## Task item
When the line containing "(\<forall>v \<in> right_extensions" is found in the data below, copy it and each line after it through the line containing "L 1 (Suc l)", exactly and with no others.

## Task material
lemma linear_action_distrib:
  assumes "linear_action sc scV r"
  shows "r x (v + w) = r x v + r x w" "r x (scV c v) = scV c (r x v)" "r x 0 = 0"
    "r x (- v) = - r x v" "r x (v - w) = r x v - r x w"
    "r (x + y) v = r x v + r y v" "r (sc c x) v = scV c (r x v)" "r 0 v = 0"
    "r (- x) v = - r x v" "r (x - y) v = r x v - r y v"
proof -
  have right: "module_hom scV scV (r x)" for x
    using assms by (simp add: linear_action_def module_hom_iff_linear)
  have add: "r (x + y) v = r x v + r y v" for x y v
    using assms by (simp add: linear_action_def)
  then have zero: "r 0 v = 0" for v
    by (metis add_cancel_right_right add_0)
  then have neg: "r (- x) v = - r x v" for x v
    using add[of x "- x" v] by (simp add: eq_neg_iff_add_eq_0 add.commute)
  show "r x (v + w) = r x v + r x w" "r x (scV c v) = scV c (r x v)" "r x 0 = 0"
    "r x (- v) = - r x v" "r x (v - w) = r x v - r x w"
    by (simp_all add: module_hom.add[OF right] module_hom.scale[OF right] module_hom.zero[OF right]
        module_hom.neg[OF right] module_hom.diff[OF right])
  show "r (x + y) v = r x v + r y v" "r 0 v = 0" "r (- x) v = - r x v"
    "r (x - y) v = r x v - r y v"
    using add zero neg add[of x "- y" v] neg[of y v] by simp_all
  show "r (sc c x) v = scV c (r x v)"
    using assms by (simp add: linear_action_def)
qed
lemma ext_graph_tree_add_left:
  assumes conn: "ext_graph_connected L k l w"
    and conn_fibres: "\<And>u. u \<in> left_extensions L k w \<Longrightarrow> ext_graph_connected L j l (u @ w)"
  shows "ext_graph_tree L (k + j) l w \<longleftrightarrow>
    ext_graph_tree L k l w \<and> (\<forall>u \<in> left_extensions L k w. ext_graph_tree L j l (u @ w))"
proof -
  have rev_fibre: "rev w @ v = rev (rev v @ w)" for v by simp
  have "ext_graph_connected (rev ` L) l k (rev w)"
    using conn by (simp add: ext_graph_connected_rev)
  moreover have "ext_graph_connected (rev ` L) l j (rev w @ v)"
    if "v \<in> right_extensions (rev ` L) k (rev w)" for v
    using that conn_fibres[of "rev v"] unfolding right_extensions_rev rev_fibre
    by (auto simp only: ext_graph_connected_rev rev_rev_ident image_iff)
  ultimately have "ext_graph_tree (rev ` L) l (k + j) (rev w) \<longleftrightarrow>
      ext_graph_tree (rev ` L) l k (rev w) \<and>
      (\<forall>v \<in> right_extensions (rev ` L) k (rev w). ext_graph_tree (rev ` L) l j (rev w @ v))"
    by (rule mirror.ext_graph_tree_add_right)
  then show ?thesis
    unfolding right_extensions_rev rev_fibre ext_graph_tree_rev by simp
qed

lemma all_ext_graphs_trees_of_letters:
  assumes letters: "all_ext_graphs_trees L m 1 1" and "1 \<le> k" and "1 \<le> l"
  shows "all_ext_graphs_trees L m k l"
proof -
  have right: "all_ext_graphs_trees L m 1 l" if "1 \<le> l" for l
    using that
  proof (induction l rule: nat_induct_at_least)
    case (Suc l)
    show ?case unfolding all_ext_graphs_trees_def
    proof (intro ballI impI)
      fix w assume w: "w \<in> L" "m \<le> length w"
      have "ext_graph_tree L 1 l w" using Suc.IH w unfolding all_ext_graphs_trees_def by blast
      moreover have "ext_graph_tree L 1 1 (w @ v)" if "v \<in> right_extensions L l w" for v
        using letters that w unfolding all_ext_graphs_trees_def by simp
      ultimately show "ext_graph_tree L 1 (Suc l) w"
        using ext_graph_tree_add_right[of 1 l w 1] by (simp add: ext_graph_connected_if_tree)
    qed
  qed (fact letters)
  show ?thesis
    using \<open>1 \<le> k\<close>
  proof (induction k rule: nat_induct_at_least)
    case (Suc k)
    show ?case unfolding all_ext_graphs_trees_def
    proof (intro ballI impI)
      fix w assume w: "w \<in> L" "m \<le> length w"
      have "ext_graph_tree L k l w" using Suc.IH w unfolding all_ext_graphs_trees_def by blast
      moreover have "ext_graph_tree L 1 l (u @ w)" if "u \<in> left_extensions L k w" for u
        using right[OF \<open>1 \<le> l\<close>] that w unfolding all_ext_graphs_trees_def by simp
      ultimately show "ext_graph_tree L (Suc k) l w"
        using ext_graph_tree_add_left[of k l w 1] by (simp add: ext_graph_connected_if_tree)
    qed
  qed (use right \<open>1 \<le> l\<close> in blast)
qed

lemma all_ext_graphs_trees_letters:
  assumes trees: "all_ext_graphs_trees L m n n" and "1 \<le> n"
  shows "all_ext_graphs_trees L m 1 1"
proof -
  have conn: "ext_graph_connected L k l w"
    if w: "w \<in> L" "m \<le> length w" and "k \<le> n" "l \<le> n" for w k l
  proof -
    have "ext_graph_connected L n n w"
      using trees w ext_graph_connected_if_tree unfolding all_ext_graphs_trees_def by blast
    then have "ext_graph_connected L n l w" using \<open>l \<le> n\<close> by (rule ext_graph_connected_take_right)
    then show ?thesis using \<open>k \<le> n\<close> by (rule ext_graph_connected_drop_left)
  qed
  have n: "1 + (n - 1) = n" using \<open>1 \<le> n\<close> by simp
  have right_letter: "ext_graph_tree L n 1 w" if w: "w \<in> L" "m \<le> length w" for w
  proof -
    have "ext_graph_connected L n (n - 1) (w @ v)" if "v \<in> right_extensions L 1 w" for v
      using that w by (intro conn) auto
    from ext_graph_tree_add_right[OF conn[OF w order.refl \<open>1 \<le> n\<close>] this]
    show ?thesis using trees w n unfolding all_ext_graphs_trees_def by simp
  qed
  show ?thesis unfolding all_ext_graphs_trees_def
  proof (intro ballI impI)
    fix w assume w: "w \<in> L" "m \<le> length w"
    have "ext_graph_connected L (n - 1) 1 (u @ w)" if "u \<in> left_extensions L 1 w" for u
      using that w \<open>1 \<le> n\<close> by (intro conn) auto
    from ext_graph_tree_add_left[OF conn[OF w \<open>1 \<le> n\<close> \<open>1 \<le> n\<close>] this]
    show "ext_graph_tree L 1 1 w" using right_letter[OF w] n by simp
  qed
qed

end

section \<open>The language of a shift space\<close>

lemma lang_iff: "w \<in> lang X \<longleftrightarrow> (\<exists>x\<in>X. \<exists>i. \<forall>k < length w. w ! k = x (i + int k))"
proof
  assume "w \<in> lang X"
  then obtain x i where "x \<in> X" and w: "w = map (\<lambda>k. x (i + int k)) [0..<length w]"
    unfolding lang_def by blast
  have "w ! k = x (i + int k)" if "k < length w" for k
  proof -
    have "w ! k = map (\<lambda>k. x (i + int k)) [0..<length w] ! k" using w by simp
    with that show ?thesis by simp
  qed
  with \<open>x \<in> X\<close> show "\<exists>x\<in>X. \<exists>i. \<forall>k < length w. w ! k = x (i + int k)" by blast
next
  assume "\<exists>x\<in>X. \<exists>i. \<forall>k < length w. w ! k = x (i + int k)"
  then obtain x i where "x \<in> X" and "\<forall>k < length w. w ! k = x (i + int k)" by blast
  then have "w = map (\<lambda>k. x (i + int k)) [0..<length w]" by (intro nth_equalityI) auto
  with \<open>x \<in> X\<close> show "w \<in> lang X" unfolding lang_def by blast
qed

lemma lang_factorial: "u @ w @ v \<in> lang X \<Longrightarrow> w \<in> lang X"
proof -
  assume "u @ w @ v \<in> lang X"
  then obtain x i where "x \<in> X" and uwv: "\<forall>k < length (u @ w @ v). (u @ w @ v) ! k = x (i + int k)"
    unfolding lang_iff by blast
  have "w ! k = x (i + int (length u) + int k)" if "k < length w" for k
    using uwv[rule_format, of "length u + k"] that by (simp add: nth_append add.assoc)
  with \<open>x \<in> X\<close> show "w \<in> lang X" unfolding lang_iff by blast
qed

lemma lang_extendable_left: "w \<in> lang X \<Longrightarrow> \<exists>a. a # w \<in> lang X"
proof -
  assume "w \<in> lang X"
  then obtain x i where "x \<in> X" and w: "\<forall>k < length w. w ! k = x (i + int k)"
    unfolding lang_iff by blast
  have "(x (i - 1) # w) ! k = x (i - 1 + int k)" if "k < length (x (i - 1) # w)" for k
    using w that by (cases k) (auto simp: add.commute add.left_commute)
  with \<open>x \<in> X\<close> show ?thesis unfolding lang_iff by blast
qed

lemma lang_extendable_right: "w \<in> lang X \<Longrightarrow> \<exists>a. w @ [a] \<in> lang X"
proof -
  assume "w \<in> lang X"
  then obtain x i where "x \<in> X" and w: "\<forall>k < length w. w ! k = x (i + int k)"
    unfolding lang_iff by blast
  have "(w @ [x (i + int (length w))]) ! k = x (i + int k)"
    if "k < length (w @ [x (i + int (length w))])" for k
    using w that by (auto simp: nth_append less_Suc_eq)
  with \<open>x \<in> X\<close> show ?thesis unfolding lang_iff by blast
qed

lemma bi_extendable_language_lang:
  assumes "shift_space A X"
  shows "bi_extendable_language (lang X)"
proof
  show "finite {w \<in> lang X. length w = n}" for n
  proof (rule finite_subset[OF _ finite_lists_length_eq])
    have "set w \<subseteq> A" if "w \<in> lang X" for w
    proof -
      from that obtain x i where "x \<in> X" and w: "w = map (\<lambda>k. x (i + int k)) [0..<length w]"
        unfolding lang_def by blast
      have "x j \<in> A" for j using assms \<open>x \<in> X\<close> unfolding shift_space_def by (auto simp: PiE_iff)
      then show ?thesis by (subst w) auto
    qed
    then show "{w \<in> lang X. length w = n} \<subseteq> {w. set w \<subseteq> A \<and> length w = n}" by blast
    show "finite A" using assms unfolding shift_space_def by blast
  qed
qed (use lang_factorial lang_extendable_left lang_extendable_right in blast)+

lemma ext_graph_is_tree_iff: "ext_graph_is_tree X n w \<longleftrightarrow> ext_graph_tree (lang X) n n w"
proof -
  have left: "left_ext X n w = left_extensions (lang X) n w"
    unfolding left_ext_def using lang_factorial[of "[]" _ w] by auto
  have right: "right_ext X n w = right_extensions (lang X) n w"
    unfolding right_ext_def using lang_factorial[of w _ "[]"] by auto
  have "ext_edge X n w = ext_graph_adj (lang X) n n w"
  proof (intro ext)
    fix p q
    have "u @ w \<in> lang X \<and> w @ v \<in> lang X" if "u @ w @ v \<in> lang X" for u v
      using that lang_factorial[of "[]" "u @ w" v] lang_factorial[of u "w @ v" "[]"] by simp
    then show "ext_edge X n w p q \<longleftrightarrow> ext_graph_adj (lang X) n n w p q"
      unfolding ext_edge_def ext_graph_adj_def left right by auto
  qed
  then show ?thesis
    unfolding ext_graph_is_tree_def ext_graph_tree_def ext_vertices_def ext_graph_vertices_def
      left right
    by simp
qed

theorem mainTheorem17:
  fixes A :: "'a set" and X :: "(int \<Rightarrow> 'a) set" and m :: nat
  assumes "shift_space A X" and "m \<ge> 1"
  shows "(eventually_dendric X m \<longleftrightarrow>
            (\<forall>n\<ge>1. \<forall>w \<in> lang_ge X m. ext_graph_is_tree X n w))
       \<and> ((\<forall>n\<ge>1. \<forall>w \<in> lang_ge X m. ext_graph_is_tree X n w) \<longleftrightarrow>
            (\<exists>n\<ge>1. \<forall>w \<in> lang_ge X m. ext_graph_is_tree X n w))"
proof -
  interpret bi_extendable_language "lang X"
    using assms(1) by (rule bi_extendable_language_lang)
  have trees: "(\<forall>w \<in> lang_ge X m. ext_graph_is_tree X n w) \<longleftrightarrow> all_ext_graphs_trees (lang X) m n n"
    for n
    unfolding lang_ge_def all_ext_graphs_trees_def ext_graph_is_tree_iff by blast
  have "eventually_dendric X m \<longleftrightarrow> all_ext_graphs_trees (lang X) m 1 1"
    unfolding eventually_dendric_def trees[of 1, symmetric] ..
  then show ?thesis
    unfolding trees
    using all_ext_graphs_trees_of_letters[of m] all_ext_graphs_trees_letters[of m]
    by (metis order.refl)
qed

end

## Exercise response
      (\<forall>v \<in> right_extensions (rev ` L) k (rev w). ext_graph_tree (rev ` L) l j (rev w @ v))"
    by (rule mirror.ext_graph_tree_add_right)
  then show ?thesis
    unfolding right_extensions_rev rev_fibre ext_graph_tree_rev by simp
qed

lemma all_ext_graphs_trees_of_letters:
  assumes letters: "all_ext_graphs_trees L m 1 1" and "1 \<le> k" and "1 \<le> l"
  shows "all_ext_graphs_trees L m k l"
proof -
  have right: "all_ext_graphs_trees L m 1 l" if "1 \<le> l" for l
    using that
  proof (induction l rule: nat_induct_at_least)
    case (Suc l)
    show ?case unfolding all_ext_graphs_trees_def
    proof (intro ballI impI)
      fix w assume w: "w \<in> L" "m \<le> length w"
      have "ext_graph_tree L 1 l w" using Suc.IH w unfolding all_ext_graphs_trees_def by blast
      moreover have "ext_graph_tree L 1 1 (w @ v)" if "v \<in> right_extensions L l w" for v
        using letters that w unfolding all_ext_graphs_trees_def by simp
      ultimately show "ext_graph_tree L 1 (Suc l) w"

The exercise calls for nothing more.